TUAW has learned that Apple has begun rejecting all e-book submissions because "this category of applications is often used for the purpose of infringing upon third party rights. We have chosen to not publish this type of application to the App Store." At first glance, this policy seems in line with Apple's approach to applications that promise charitable contributions. Apple cannot police the developers and will not allow possibly fraudulent postings on their store. Apple does not want to be in the position of vetting rights claims.
At the same time, Apple has been rejecting applications from content providers who do in fact own the rights to their materials and can prove those rights. A colleague who spoke on the condition of anonymity related that a project he developed for a national content syndicate was rejected without recourse. He still got paid for his work but the application languishes without an outlet.

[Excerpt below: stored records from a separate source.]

(* If w is not itself in C, the witness is an element of C incomparable with w; it then lies
   strictly above (below) everything w lies strictly above (below). *)
lemma max_chain_interpolant:
  assumes pre: "partial_preordering le" and C: "is_max_chain le P C"
    and "A \<subseteq> C" "B \<subseteq> C" "w \<in> P" and "\<forall>x\<in>A. le x w" "\<forall>y\<in>B. le w y"
  shows "\<exists>c\<in>C. (\<forall>x\<in>A. le x c) \<and> (\<forall>y\<in>B. le c y) \<and> (c = w \<or> \<not> le c w \<and> \<not> le w c)"
proof (cases "\<forall>u\<in>C. le u w \<or> le w u")
  case True
  then have "w \<in> C" using max_chain_absorbs[OF pre C \<open>w \<in> P\<close>] by blast
  with assms show ?thesis by blast
next
  case False
  then obtain u where u: "u \<in> C" "\<not> le u w" "\<not> le w u" by blast
  have "le x u" if "x \<in> A" for x
  proof -
    have "le x u \<or> le u x"
      using C that \<open>A \<subseteq> C\<close> u(1) unfolding is_max_chain_def is_chain_def by blast
    with u(2) that assms(6) show ?thesis using partial_preordering.trans[OF pre] by blast
  qed
  moreover have "le u y" if "y \<in> B" for y
  proof -
    have "le y u \<or> le u y"
      using C that \<open>B \<subseteq> C\<close> u(1) unfolding is_max_chain_def is_chain_def by blast
    with u(3) that assms(7) show ?thesis using partial_preordering.trans[OF pre] by blast
  qed
  ultimately show ?thesis using u by blast
qed

locale countably_complete_dense_chain = partial_preordering le for le :: "'a \<Rightarrow> 'a \<Rightarrow> bool" +
  fixes C :: "'a set" and a b :: 'a
  assumes dense: "\<lbrakk>l \<in> C; h \<in> C; strictly le l h\<rbrakk> \<Longrightarrow> \<exists>c\<in>C. strictly le l c \<and> strictly le c h"
    and fill: "\<lbrakk>range (u :: nat \<Rightarrow> 'a) \<subseteq> C; range (v :: nat \<Rightarrow> 'a) \<subseteq> C; \<And>i j. le (u i) (v j)\<rbrakk>
      \<Longrightarrow> \<exists>e\<in>C. \<forall>i j. le (u i) e \<and> le e (v j)"
    and a_in: "a \<in> C" and b_in: "b \<in> C" and a_less_b: "strictly le a b"
begin

definition mid :: "'a \<Rightarrow> 'a \<Rightarrow> 'a" where
  "mid l h = (SOME c. c \<in> C \<and> strictly le l c \<and> strictly le c h)"

lemma mid:
  assumes "l \<in> C" "h \<in> C" "strictly le l h"
  shows "mid l h \<in> C" "strictly le l (mid l h)" "strictly le (mid l h) h"
  using someI_ex[OF dense[OF assms, unfolded Bex_def]] unfolding mid_def by blast+

(* Stage n + 1 keeps the lower or the upper part of the interval at stage n, depending on
   whether n \<in> X, with a nonempty gap between the two parts. *)
primrec nest :: "nat set \<Rightarrow> nat \<Rightarrow> 'a \<times> 'a" where
  "nest X 0 = (a, b)"
| "nest X (Suc n) =
    (let l = fst (nest X n); h = snd (nest X n); m = mid l h
     in if n \<in> X then (mid m h, h) else (l, m))"

abbreviation lo :: "nat set \<Rightarrow> nat \<Rightarrow> 'a" where "lo X n \<equiv> fst (nest X n)"
abbreviation hi :: "nat set \<Rightarrow> nat \<Rightarrow> 'a" where "hi X n \<equiv> snd (nest X n)"

lemma nest_interval: "lo X n \<in> C \<and> hi X n \<in> C \<and> strictly le (lo X n) (hi X n)"
proof (induction n)
  case 0
  show ?case using a_in b_in a_less_b by simp
next
  case (Suc n)
  let ?m = "mid (lo X n) (hi X n)"
  have m: "?m \<in> C" "strictly le (lo X n) ?m" "strictly le ?m (hi X n)"
    using mid Suc by blast+
  have "mid ?m (hi X n) \<in> C" "strictly le (mid ?m (hi X n)) (hi X n)"
    using mid[OF m(1) _ m(3)] Suc by blast+
  with m Suc show ?case by (simp add: Let_def)
qed

lemma nest_shrinks: "le (lo X n) (lo X (Suc n)) \<and> le (hi X (Suc n)) (hi X n)"
proof -
  let ?m = "mid (lo X n) (hi X n)"
  have m: "?m \<in> C" "strictly le (lo X n) ?m" "strictly le ?m (hi X n)"
    using mid nest_interval by blast+
  then have "strictly le ?m (mid ?m (hi X n))" using mid(2)[OF m(1) _ m(3)] nest_interval by blast
  with m show ?thesis
    by (simp add: Let_def refl) (meson trans)
qed

lemma nest_mono: "i \<le> k \<Longrightarrow> le (lo X i) (lo X k) \<and> le (hi X k) (hi X i)"
proof (induction k rule: dec_induct)
  case base
  show ?case by (simp add: refl)
next
  case (step k)
  with nest_shrinks[of X k] show ?case by (blast intro: trans)
qed

lemma nest_lo_le_hi: "le (lo X i) (hi X j)"
proof -
  have "le (lo X i) (lo X (max i j))" "le (hi X (max i j)) (hi X j)"
    using nest_mono by simp_all
  with nest_interval[of X "max i j"] show ?thesis by (blast intro: trans)
qed

lemma nest_cong: "(\<And>m. m < n \<Longrightarrow> m \<in> X \<longleftrightarrow> m \<in> Y) \<Longrightarrow> nest X n = nest Y n"
  by (induction n) (simp_all add: Let_def)

definition point :: "nat set \<Rightarrow> 'a" where
  "point X = (SOME e. e \<in> C \<and> (\<forall>i j. le (lo X i) e \<and> le e (hi X j)))"

lemma point: "point X \<in> C" "le (lo X i) (point X)" "le (point X) (hi X j)"
proof -
  have "\<exists>e\<in>C. \<forall>i j. le (lo X i) e \<and> le e (hi X j)"
    using fill[of "lo X" "hi X"] nest_interval nest_lo_le_hi by blast
  from someI_ex[OF this[unfolded Bex_def]] show "point X \<in> C" "le (lo X i) (point X)"
      "le (point X) (hi X j)"
    unfolding point_def by blast+
qed

lemma point_less:
  assumes "n \<notin> X" "n \<in> Y" and agree: "\<And>m. m < n \<Longrightarrow> m \<in> X \<longleftrightarrow> m \<in> Y"
  shows "strictly le (point X) (point Y)"
proof -
  let ?l = "lo X n" and ?h = "hi X n"
  let ?m = "mid ?l ?h"
  have m: "?m \<in> C" "strictly le ?m ?h" using mid nest_interval by blast+
  have "strictly le ?m (mid ?m ?h)" using mid(2)[OF m(1) _ m(2)] nest_interval by blast
  moreover have "le (point X) ?m"
    using point(3)[of X "Suc n"] \<open>n \<notin> X\<close> by (simp add: Let_def)
  moreover have "le (mid ?m ?h) (point Y)"
    using point(2)[of Y "Suc n"] \<open>n \<in> Y\<close> nest_cong[of n Y X] agree by (simp add: Let_def)
  ultimately show ?thesis by (meson trans)
qed

lemma inj_point: "inj point"
proof (rule injI, rule ccontr)
  fix X Y assume eq: "point X = point Y" and "X \<noteq> Y"
  then obtain k where "k \<in> X \<longleftrightarrow> k \<notin> Y" by blast
  define n where "n = (LEAST n. n \<in> X \<longleftrightarrow> n \<notin> Y)"
  have n: "n \<in> X \<longleftrightarrow> n \<notin> Y"
    unfolding n_def by (rule LeastI) fact
  have agree: "m \<in> X \<longleftrightarrow> m \<in> Y" if "m < n" for m
    using not_less_Least[OF that[unfolded n_def]] by blast
  from n agree point_less[of n X Y] point_less[of n Y X] eq show False
    by (cases "n \<in> X") auto
qed

lemma continuum_lepoll: "(UNIV :: nat set set) \<lesssim> C"
  unfolding lepoll_def using inj_point point(1) by blast

end

lemma le_star_refl: "le_star x x"
  by (simp add: le_star_def)

lemma le_star_trans: "le_star x y \<Longrightarrow> le_star y z \<Longrightarrow> le_star x z"
  unfolding le_star_def
  by (rule finite_subset[of _ "{n. \<not> x n \<le> y n} \<union> {n. \<not> y n \<le> z n}"]) auto

interpretation le_star: partial_preordering le_star
  by unfold_locales (fact le_star_refl, fact le_star_trans)

lemma le_star_if_le: "x \<le> y \<Longrightarrow> le_star x y"
  by (simp add: le_star_def le_fun_def)

lemma le_star_not_ev_zero:
  assumes "le_star x y" "x \<notin> ev_zero"
  shows "y \<notin> ev_zero"
proof -
  have "{n. x n \<noteq> 0} \<subseteq> {n. \<not> x n \<le> y n} \<union> {n. y n \<noteq> 0}" by auto
  with assms show ?thesis unfolding le_star_def ev_zero_def by (auto dest: finite_subset)
qed

lemma le_star_dense:
  assumes "strictly le_star x y"
  obtains w where "strictly le_star x w" "strictly le_star w y"
proof -
  have "infinite {n. x n < y n}" using assms by (simp add: le_star_def not_le)
  then obtain A B where AB: "A \<subseteq> {n. x n < y n}" "B \<subseteq> {n. x n < y n}"
      "infinite A" "infinite B" "A \<inter> B = {}"
    by (rule infinite_split)
  define w where "w n = (if n \<in> A then y n else x n)" for n
  have "le_star x w" using AB(1) by (intro le_star_if_le) (auto simp: le_fun_def w_def)
  moreover have "\<not> le_star w x"
  proof -
    have "A \<subseteq> {n. \<not> w n \<le> x n}" using AB(1) by (auto simp: w_def)
    with AB(3) show ?thesis unfolding le_star_def by (auto dest: finite_subset)
  qed
  moreover have "le_star w y"
    using assms unfolding le_star_def by (auto simp: w_def elim!: finite_subset[rotated])
  moreover have "\<not> le_star y w"
  proof -
    have "B \<subseteq> {n. \<not> y n \<le> w n}" using AB(2,5) by (auto simp: w_def)
    with AB(4) show ?thesis unfolding le_star_def by (auto dest: finite_subset)
  qed
  ultimately show ?thesis using that by blast
qed

lemma le_star_countable_interpolant:
  fixes u v :: "nat \<Rightarrow> nat \<Rightarrow> nat"
  assumes uv: "\<And>i j. le_star (u i) (v j)"
  obtains w where "\<And>i. le_star (u i) w" "\<And>j. le_star w (v j)"
proof -
  define bad where "bad n = (\<Union>i\<le>n. \<Union>j\<le>n. {k. \<not> u i k \<le> v j k})" for n
  have finite_bad: "finite (bad n)" for n
    using uv unfolding bad_def le_star_def by auto
  \<comment> \<open>u i enters w only at coordinates k \<ge> i outside bad i, so it is dropped finitely often,
     while every value entering w at k \<notin> bad j is bounded by v j k.\<close>
  define w where "w k = Max (insert 0 ((\<lambda>i. u i k) ` {i. i \<le> k \<and> k \<notin> bad i}))" for k
  have finite_w: "finite (insert 0 ((\<lambda>i. u i k) ` {i. i \<le> k \<and> k \<notin> bad i}))" for k
    by simp
  have "le_star (u i) w" for i
  proof -
    have "u i k \<le> w k" if "i \<le> k" "k \<notin> bad i" for k
      unfolding w_def using that by (intro Max_ge[OF finite_w]) auto
    then have "{k. \<not> u i k \<le> w k} \<subseteq> {..<i} \<union> bad i" using not_le by blast
    then show ?thesis unfolding le_star_def using finite_bad by (auto dest: finite_subset)
  qed
  moreover have "le_star w (v j)" for j
  proof -
    have "u i k \<le> v j k" if "k \<notin> bad i" "k \<notin> bad j" for i k
      using that unfolding bad_def by (cases "i \<le> j") auto
    then have "w k \<le> v j k" if "k \<notin> bad j" for k
      unfolding w_def using that by (auto simp: Max_le_iff[OF finite_w])
    then have "{k. \<not> w k \<le> v j k} \<subseteq> bad j" by blast
    then show ?thesis unfolding le_star_def using finite_bad by (auto dest: finite_subset)
  qed
  ultimately show ?thesis using that by blast
qed

lemma max_chain_le_star_strict_pair:
  assumes C: "is_max_chain le_star (UNIV - ev_zero) C"
  obtains x y where "x \<in> C" "y \<in> C" "strictly le_star x y"
proof -
  have "C \<noteq> {}"
  proof
    assume "C = {}"
    moreover have "(\<lambda>_. 1) \<in> UNIV - ev_zero" by (simp add: ev_zero_def)
    ultimately show False
      using max_chain_absorbs[OF le_star.partial_preordering_axioms C] by blast
  qed
  then obtain x where x: "x \<in> C" by blast
  then have "x \<notin> ev_zero" using C unfolding is_max_chain_def is_chain_def by blast
  define y where "y n = Suc (x n)" for n
  have xy: "le_star x y" "\<not> le_star y x" by (auto simp: le_star_def y_def)
  then have "y \<in> UNIV - ev_zero" using le_star_not_ev_zero \<open>x \<notin> ev_zero\<close> by blast
  from max_chain_interpolant[OF le_star.partial_preordering_axioms C, of "{x}" "{}", OF _ _ this]
  obtain c where "c \<in> C" "le_star x c" "c = y \<or> \<not> le_star c y \<and> \<not> le_star y c"
    using x xy by auto
  with xy have "strictly le_star x c" using le_star_trans by blast
  with x \<open>c \<in> C\<close> show ?thesis using that by blast
qed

Apple isn't stopping with content source providers. They're also targeting those who provide media browsing tools. Another developer who built an e-book reader received a recent rejection along the same lines. The application might be used to read copyright infringing books, so Apple will not let it in App Store. In an e-mail, he wrote, "Leaving aside the presumption of innocence, [what] about iTunes and iPod; shouldn't they be banned too? After all many users indeed are using them to listen to the music that is not always legally obtained."
Many consumers have been very unhappy with Apple for rejecting the Google Voice App from the App Store. Now ebook readers are unhappy.
Update: Apple replied to TUAC saying "We have not stopped approving ebook readers and ebooks in fact we've approved 221 new ebooks to the App Store since 7/30/09. The book category in the App Store lists 6,000 apps and this doesn't cover the full scope since ebooks are included in other categories like medical, reference and education." It's an interesting statement in that it doesn't address the issue of how many ebooks it has rejected, only how many it has approved.